本发明实施例所提供的改进型YOLOv3网络的主干网络相比于YOLOv3网络的主干网络,一方面的改进思想在于,借鉴密集卷积网络DenseNet的连接方式,提出一种具体的密集连接模块,用来替换YOLOv3网络的主干网络中的残差模块(resn模块)。即改进型YOLOv3网络的主干网络采用的是密集连接形式的主干网络,已知的是,ResNets在将特征传递到图层之前通过求和来组合特征,即采用并行方式进行特征融合。而密集连接方式为了确保信息以最大程度在网络中各层之间流动,将所有层(具有匹配的特征图大小)彼此直接连接。具体的,针对每个层,它之前层的所有特征图被用作它的输入,它本身的特征图被用作它所有后续层的输入,也就是特征融合采用级联方式(也称为串联方式)。因此,相比于YOLOv3网络使用残差模块,改进型YOLOv3网络通过改用密集连接模块,获得的特征图的信息量更多,在进行道路图像检测时,能够增强特征传播,提高检测精度。同时,因为它不需要重新学习冗余的特征图,可以大大减小参数数量,减少计算量,还可以减轻梯度消失问题。另一方面,本发明实施例将特征图由浅到深进行传递,提取至少四个尺度的特征图,让网络能够检测不同尺度的物体,通过增加细粒度的特征提取尺度,可以使得在后续目标检测时,针对小目标能够提高检测精度。本发明实施例中的小目标包括道路上本身体积较小的物体,如道路标志牌、小障碍物、小动物等,或者由于拍摄距离远导致图像中面积较小的物体。
示例性的,请参见图3,密集连接形式的主干网络可以包括:
间隔串接的密集连接模块和过渡模块;图3中密集连接模块表示为denm。密集连接模块的数量为y;密集连接模块包括串行连接的卷积网络模块和密集连接单元组;卷积网络模块包括串行连接的卷积层、BN层、Leaky relu层;密集连接单元组包括m个密集连接单元;每个密集连接单元包括多个采用密集连接形式连接的卷积网络模块,并采用级联方式融合多个卷积网络模块输出的特征图;其中,y为大于等于4的自然数,m为大于1的自然数。

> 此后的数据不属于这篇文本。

text \<open>This makes the sets \<open>uc_nbhd X c U V\<close> a basis of neighbourhoods, not merely a subbasis.\<close>
lemma uc_nbhd_subset:
  assumes c: "c \<in> fundamental_groupoid X" and x: "x \<in> uc_nbhd X c U V"
  shows "uc_nbhd X x U V \<subseteq> uc_nbhd X c U V"
proof
  fix y assume y: "y \<in> uc_nbhd X x U V"
  obtain \<delta>0 \<theta>0 where x_eq: "x = path_class X (pjoin (pjoin \<theta>0 (rep c)) \<delta>0)"
    and \<delta>0: "pathin (subtopology X U) \<delta>0" "\<delta>0 0 = pg_range c"
    and \<theta>0: "pathin (subtopology X V) \<theta>0" "\<theta>0 1 = pg_source c"
    using x by (rule uc_nbhdE)
  obtain \<delta> \<theta> where y_eq: "y = path_class X (pjoin (pjoin \<theta> (rep x)) \<delta>)"
    and \<delta>: "pathin (subtopology X U) \<delta>" "\<delta> 0 = pg_range x"
    and \<theta>: "pathin (subtopology X V) \<theta>" "\<theta> 1 = pg_source x"
    using y by (rule uc_nbhdE)
  let ?x = "pjoin (pjoin \<theta>0 (rep c)) \<delta>0"
  have px: "pathin X ?x" using pathin_uc_nbhd_path[OF c \<delta>0 \<theta>0] .
  have ends: "\<delta> 0 = \<delta>0 1" "\<theta> 1 = \<theta>0 0"
    using \<delta>(2) \<theta>(2) px by (simp_all add: x_eq pg_range_path_class pg_source_path_class)
  have paths: "pathin X \<delta>" "pathin X \<theta>" "pathin X \<delta>0" "pathin X \<theta>0" "pathin X (rep c)"
    using \<delta> \<theta> \<delta>0 \<theta>0 pathin_rep[OF c] by (auto simp: pathin_subtopology)
  have "path_homotopic X (pjoin (pjoin \<theta> (rep x)) \<delta>) (pjoin (pjoin \<theta> ?x) \<delta>)"
    using paths ends px path_homotopic_rep_path_class[OF px]
    by (intro path_homotopic_pjoin path_homotopic_refl)
       (auto simp: x_eq rep_path_class_0 rep_path_class_1)
  also have "path_homotopic X \<dots> (pjoin (pjoin (pjoin \<theta> \<theta>0) (rep c)) (pjoin \<delta>0 \<delta>))"
    using paths ends \<delta>0(2) \<theta>0(2)
    by (intro path_homotopic_pjoin_regroup) (auto simp: pg_source_def pg_range_def)
  finally have "path_homotopic X (pjoin (pjoin (pjoin \<theta> \<theta>0) (rep c)) (pjoin \<delta>0 \<delta>))
                                 (pjoin (pjoin \<theta> (rep x)) \<delta>)"
    by (rule path_homotopic_sym)
  moreover have "pathin (subtopology X U) (pjoin \<delta>0 \<delta>)"
    using pathin_pjoin[OF \<delta>0(1) \<delta>(1)] ends by simp
  moreover have "pathin (subtopology X V) (pjoin \<theta> \<theta>0)"
    using pathin_pjoin[OF \<theta>(1) \<theta>0(1)] ends by simp
  ultimately show "y \<in> uc_nbhd X c U V"
    using y_eq \<delta>0(2) \<theta>0(2) uc_nbhdI[of X U "pjoin \<delta>0 \<delta>" c V "pjoin \<theta> \<theta>0"] by simp
qed
(* Let $k\ge1$ and let $(Z_{\mathbf j})_{\mathbf j\ge\mathbf 1}$, $\mathbf j\in(\mathbb N^* )^k$, be random variables with values in a Polish space such that almost surely $Z_{\mathbf j}=\tau((U_{\mathbf j\odot\mathbf e})_{\mathbf e\in\{0,1\}^k\setminus\{\mathbf 0\}})$ for all $\mathbf j$, where $(U_{\mathbf c})_{\mathbf c\in\mathbb N^k\setminus\{\mathbf 0\}}$ are mutually independent uniform $[0,1]$ variables and $\tau$ is measurable. Let $\mathcal G$ be a pointwise measurable class of functions $g$ with $g(Z_{\mathbf 1})$ integrable, and let $\Phi:\mathbb R^+\to\mathbb R$ be non-decreasing and convex. Then for every $\mathbf C=(C_1,\dots,C_k)\in(\mathbb N^* )^k$, $$E\Big[\Phi\Big(\sup_{g\in\mathcal G}\Big|\frac1{\Pi_C}\sum_{\mathbf 1\le\mathbf j\le\mathbf C}g(Z_{\mathbf j})-E[g(Z_{\mathbf 1})]\Big|\Big)\Big]\le\frac1{2^k-1}\sum_{\mathbf e\in\{0,1\}^k\setminus\{\mathbf 0\}}E\Big[\Phi\Big(2(2^k-1)\sup_{g\in\mathcal G}\Big|\frac1{\Pi_C}\sum_{\mathbf 1\le\mathbf j\le\mathbf C}\epsilon_{\mathbf j\odot\mathbf e}\,g(Z_{\mathbf j})\Big|\Big)\Big],$$ where $(\epsilon_{\mathbf c})_{\mathbf c\in\mathbb N^k}$ are i.i.d. Rademacher variables ($P(\epsilon=1)=P(\epsilon=-1)=1/2$) independent of $(Z_{\mathbf j})_{\mathbf j\ge\mathbf 1}$.
   Context: $\odot$ is the componentwise product of $k$-tuples, $\mathbf 0,\mathbf 1$ the constant $k$-tuples, $\le$ the componentwise order, $\Pi_C=\prod_iC_i$. A class $\mathcal G$ is pointwise measurable if it contains a countable subclass such that every element of $\mathcal G$ is a pointwise limit of elements of the subclass. *)

theory Defs
  imports "HOL-Probability.Probability"
begin

definition odot :: "('k \<Rightarrow> nat) \<Rightarrow> ('k \<Rightarrow> nat) \<Rightarrow> ('k \<Rightarrow> nat)" where
  "odot j e = (\<lambda>i. j i * e i)"

definition pointwise_measurable :: "('b \<Rightarrow> real) set \<Rightarrow> bool" where
  "pointwise_measurable G \<longleftrightarrow>
     (\<exists>G0 \<subseteq> G. countable G0 \<and>
        (\<forall>g\<in>G. \<exists>s. (\<forall>n. s n \<in> G0) \<and> (\<forall>x. (\<lambda>n. s n x) \<longlonglongrightarrow> g x)))"

text \<open>Extension of \<Phi> : [0,\<infinity>) \<rightarrow> \<real> to [0,\<infinity>] (value at \<infinity> = supremum, i.e. the limit,
  since \<Phi> is non-decreasing).\<close>
definition Phi_ext :: "(real \<Rightarrow> real) \<Rightarrow> ennreal \<Rightarrow> ereal" where
  "Phi_ext \<Phi> x = (if x = \<top> then (SUP t\<in>{0..}. ereal (\<Phi> t)) else ereal (\<Phi> (enn2real x)))"

text \<open>Expectation (in (-\<infinity>,\<infinity>]) of a random variable bounded below by c.\<close>
definition lexp :: "'a measure \<Rightarrow> real \<Rightarrow> ('a \<Rightarrow> ereal) \<Rightarrow> ereal" where
  "lexp M c Y = ereal c + enn2ereal (\<integral>\<^sup>+ \<omega>. e2ennreal (Y \<omega> - ereal c) \<partial>M)"

end

theory Submission
  imports Defs
begin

作为示例,图3中密集连接模块的数量为5个,相比于4个密集连接模块,5个密集连接模块所构成的改进型YOLOv3网络的精度更高。
卷积网络模块,如前表示为CBL;密集连接单元组表示为den unit*m,其含义是,密集连接单元组包括m个密集连接单元,m可以为2。每个密集连接单元表示为den unit; 其包括多个采用密集连接形式连接的卷积网络模块,并采用级联方式融合多个卷积网络模块输出的特征图,级联方式即concat,含义为张量拼接,该操作和残差模块中的add的操作是不一样的,concat会扩充张量的维度,而add只是直接相加不会导致张量维度的改变。因此,上述改进型YOLOv3网络的主干网络在进行特征提取时,利用密集连接模块,将特征融合方式从并行改为了串行,能够直接将早期的特征图作为后面每一层的输入,强化特征的传递,并通过复用浅层网络的特征图参数来减少参数的数量以及运算量。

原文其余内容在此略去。